The foal looks like it could be going gray or it is a brown. It is not a grulla. They are born a tan color.


----------



## ImpulsiveLucy (Oct 8, 2012)

Tryst said:


> Does the mare have appy spots on her rump, or am I seeing things?? Does she have mottling on her muzzle or her underparts?
> 
> The foal looks like it could be going gray or it is a brown. It is not a grulla. They are born a tan color.

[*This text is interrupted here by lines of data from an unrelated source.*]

(* Let $q_1,q_2,v$ be indeterminates and fix integers $1\le i<j$. Then $$\big\langle q_1^{\lambda_i}q_2^{\lambda_j}\big\rangle_v=\frac{(v)_\infty}{(v)_{i-1}\,(v^iq_1)_{j-i}\,(v^jq_1q_2)_\infty}=\frac{(v)_\infty}{(vq_1q_2)_\infty}\cdot\frac{(vq_1)_{i-1}\,(vq_1q_2)_{j-1}}{(v)_{i-1}\,(vq_1)_{j-1}}.$$
   Context: Notation: $(a)_0=1$, $(a)_r=\prod_{k=0}^{r-1}(1-av^k)$ for $r\ge1$, $(a)_\infty=\prod_{k\ge0}(1-av^k)$. For a function $f$ on the set $\mathcal P$ of partitions, $\langle f\rangle_v:=(v)_\infty\sum_{\lambda\in\mathcal P}f(\lambda)v^{|\lambda|}$, as a formal power series in $v$. Here $\lambda=(\lambda_1,\lambda_2,\ldots)$ with $\lambda_k=0$ for $k$ beyond the length of $\lambda$, and $\langle q_1^{\lambda_i}q_2^{\lambda_j}\rangle_v$ denotes $\langle f\rangle_v$ for $f(\lambda)=q_1^{\lambda_i}q_2^{\lambda_j}$. *)

theory Defs
  imports "HOL-Computational_Algebra.Formal_Power_Series"
begin

definition partitions_of :: "nat \<Rightarrow> nat list set" where
  "partitions_of n = {xs. sorted_wrt (\<ge>) xs \<and> 0 \<notin> set xs \<and> sum_list xs = n}"

definition part :: "nat list \<Rightarrow> nat \<Rightarrow> nat" where
  "part xs k = (if 1 \<le> k \<and> k \<le> length xs then xs ! (k - 1) else 0)"

text \<open>Finite q-Pochhammer (a)_r = prod_{k<r} (1 - a v^k), with v = fps_X.\<close>
definition qpoch :: "'a::comm_ring_1 fps \<Rightarrow> nat \<Rightarrow> 'a fps" where
  "qpoch a r = (\<Prod>k<r. 1 - a * fps_X ^ k)"

definition qpoch_inf :: "'a::comm_ring_1 fps \<Rightarrow> 'a fps" where
  "qpoch_inf a = lim (\<lambda>r. qpoch a r)"

definition bracket :: "(nat list \<Rightarrow> 'a::comm_ring_1) \<Rightarrow> 'a fps" where
  "bracket f = qpoch_inf fps_X * Abs_fps (\<lambda>n. \<Sum>xs\<in>partitions_of n. f xs)"

end

theory Submission
  imports Defs
begin

(* Removing the first column from a partition with exactly N parts is a bijection onto the
   partitions with at most N parts, and it divides the weight prod_k x_k^(lambda_k) by the
   column weight x_1 ... x_N.  Hence the generating function P_N of the partitions with at most
   N parts satisfies P_(N-1) = (1 - x_1 ... x_N v^N) P_N, i.e. P_N is the inverse of
   prod_(m<=N) (1 - x_1 ... x_m v^m); since P_N agrees with the full generating function up to
   degree N, the latter is the inverse of the infinite product.  For x_i = q1, x_j = q2 and all
   other x_k = 1 the column weight is 1, q1 or q1 q2 according as m < i, i <= m < j or j <= m,
   so the product splits into the three q-Pochhammer symbols of the first formula; the second
   formula regroups them. *)

unbundle fps_syntax

lemma length_le_sum_list: "0 \<notin> set xs \<Longrightarrow> length xs \<le> sum_list (xs :: nat list)"
  by (induction xs) auto

lemma length_le_of_partitions_of: "lam \<in> partitions_of n \<Longrightarrow> length lam \<le> n"
  using length_le_sum_list by (auto simp: partitions_of_def)

lemma finite_partitions_of: "finite (partitions_of n)"
proof -
  have "partitions_of n \<subseteq> {xs. set xs \<subseteq> {0..n} \<and> length xs \<le> n}"
    using length_le_sum_list member_le_sum_list by (fastforce simp: partitions_of_def)
  then show ?thesis
    by (rule finite_subset) (rule finite_lists_length_le, simp)
qed

definition add_column :: "nat \<Rightarrow> nat list \<Rightarrow> nat list" where
  "add_column N mu = map Suc mu @ replicate (N - length mu) 1"

definition remove_column :: "nat list \<Rightarrow> nat list" where
  "remove_column lam = filter (\<lambda>x. x \<noteq> 0) (map (\<lambda>x. x - 1) lam)"

lemma remove_column_add_column: "0 \<notin> set mu \<Longrightarrow> remove_column (add_column N mu) = mu"
  by (induction mu) (auto simp: remove_column_def add_column_def)

lemma add_column_remove_column:
  "sorted_wrt (\<ge>) lam \<Longrightarrow> 0 \<notin> set lam \<Longrightarrow> add_column (length lam) (remove_column lam) = lam"
proof (induction lam)
  case Nil
  then show ?case by (simp add: add_column_def remove_column_def)
next
  case (Cons a lam)
  show ?case
  proof (cases "a = 1")
    case True
    with Cons.prems have ones: "\<forall>y\<in>set lam. y = 1"
      by (fastforce simp: le_Suc_eq)
    then have "remove_column (a # lam) = []"
      using True by (auto simp: remove_column_def filter_empty_conv)
    with True ones show ?thesis
      by (simp add: add_column_def replicate_length_same)
  next
    case False
    with Cons show ?thesis
      by (auto simp: add_column_def remove_column_def)
  qed
qed

lemma length_add_column: "length mu \<le> N \<Longrightarrow> length (add_column N mu) = N"
  by (simp add: add_column_def)

lemma part_add_column:
  "length mu \<le> N \<Longrightarrow> part (add_column N mu) k = (if 1 \<le> k \<and> k \<le> N then part mu k + 1 else 0)"
  by (auto simp: part_def add_column_def nth_append)

lemma sum_list_add_column:
  assumes "length mu \<le> N"
  shows "sum_list (add_column N mu) = sum_list mu + N"
proof -
  have "sum_list (map Suc mu) = sum_list mu + length mu"
    by (induction mu) auto
  with assms show ?thesis
    by (simp add: add_column_def sum_list_replicate)
qed

lemma add_column_in_partitions_of:
  assumes "mu \<in> partitions_of n" "length mu \<le> N"
  shows "add_column N mu \<in> partitions_of (n + N)"
proof -
  have "sorted_wrt (\<ge>) (replicate m (1::nat))" for m
    by (induction m) auto
  then have "sorted_wrt (\<ge>) (add_column N mu)"
    using assms(1) by (auto simp: add_column_def partitions_of_def sorted_wrt_append sorted_wrt_map)
  moreover have "0 \<notin> set (add_column N mu)"
    using assms(1) by (auto simp: add_column_def partitions_of_def)
  ultimately show ?thesis
    using assms sum_list_add_column[OF assms(2)] by (simp add: partitions_of_def)
qed

lemma remove_column_in_partitions_of:
  assumes "lam \<in> partitions_of (n + length lam)"
  shows "remove_column lam \<in> partitions_of n" "length (remove_column lam) \<le> length lam"
proof -
  show len: "length (remove_column lam) \<le> length lam"
    using length_filter_le[of _ "map (\<lambda>x. x - 1) lam"] by (simp add: remove_column_def)
  have "sorted_wrt (\<ge>) lam"
    using assms by (simp add: partitions_of_def)
  then have "sorted_wrt (\<ge>) (map (\<lambda>x. x - 1) lam)"
    by (simp add: sorted_wrt_map) (erule sorted_wrt_mono_rel[rotated], simp)
  then have sorted: "sorted_wrt (\<ge>) (remove_column lam)"
    unfolding remove_column_def by (rule sorted_wrt_filter)
  have "add_column (length lam) (remove_column lam) = lam"
    using add_column_remove_column assms by (auto simp: partitions_of_def)
  then have "sum_list (remove_column lam) + length lam = n + length lam"
    using sum_list_add_column[OF len] assms by (simp add: partitions_of_def)
  with sorted show "remove_column lam \<in> partitions_of n"
    by (auto simp: partitions_of_def remove_column_def)
qed

lemma bij_betw_add_column:
  "bij_betw (add_column N) {mu \<in> partitions_of n. length mu \<le> N}
     {lam \<in> partitions_of (n + N). length lam = N}"
proof (rule bij_betw_byWitness[where f' = remove_column])
  show "\<forall>mu\<in>{mu \<in> partitions_of n. length mu \<le> N}. remove_column (add_column N mu) = mu"
    using remove_column_add_column by (auto simp: partitions_of_def)
  show "\<forall>lam\<in>{lam \<in> partitions_of (n + N). length lam = N}. add_column N (remove_column lam) = lam"
    using add_column_remove_column by (auto simp: partitions_of_def)
  show "add_column N ` {mu \<in> partitions_of n. length mu \<le> N} \<subseteq> {lam \<in> partitions_of (n + N). length lam = N}"
    using add_column_in_partitions_of length_add_column by auto
  show "remove_column ` {lam \<in> partitions_of (n + N). length lam = N} \<subseteq> {mu \<in> partitions_of n. length mu \<le> N}"
    using remove_column_in_partitions_of by auto
qed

I truly suck at horse colors! Yes the mare has appy spots on her rump, mottling around the muzzle/ eye/ underparts, and striped hooves.


----------



## NdAppy (Apr 8, 2009)

Has she actually ever been tested for silver? Silver is extremely rare in stock type breeds. LP can and does mess with the base colors and with manes and tails.


----------



## ImpulsiveLucy (Oct 8, 2012)

NdAppy said:


> Has she actually ever been tested for silver? Silver is extremely rare in stock type breeds. LP can and does mess with the base colors and with manes and tails.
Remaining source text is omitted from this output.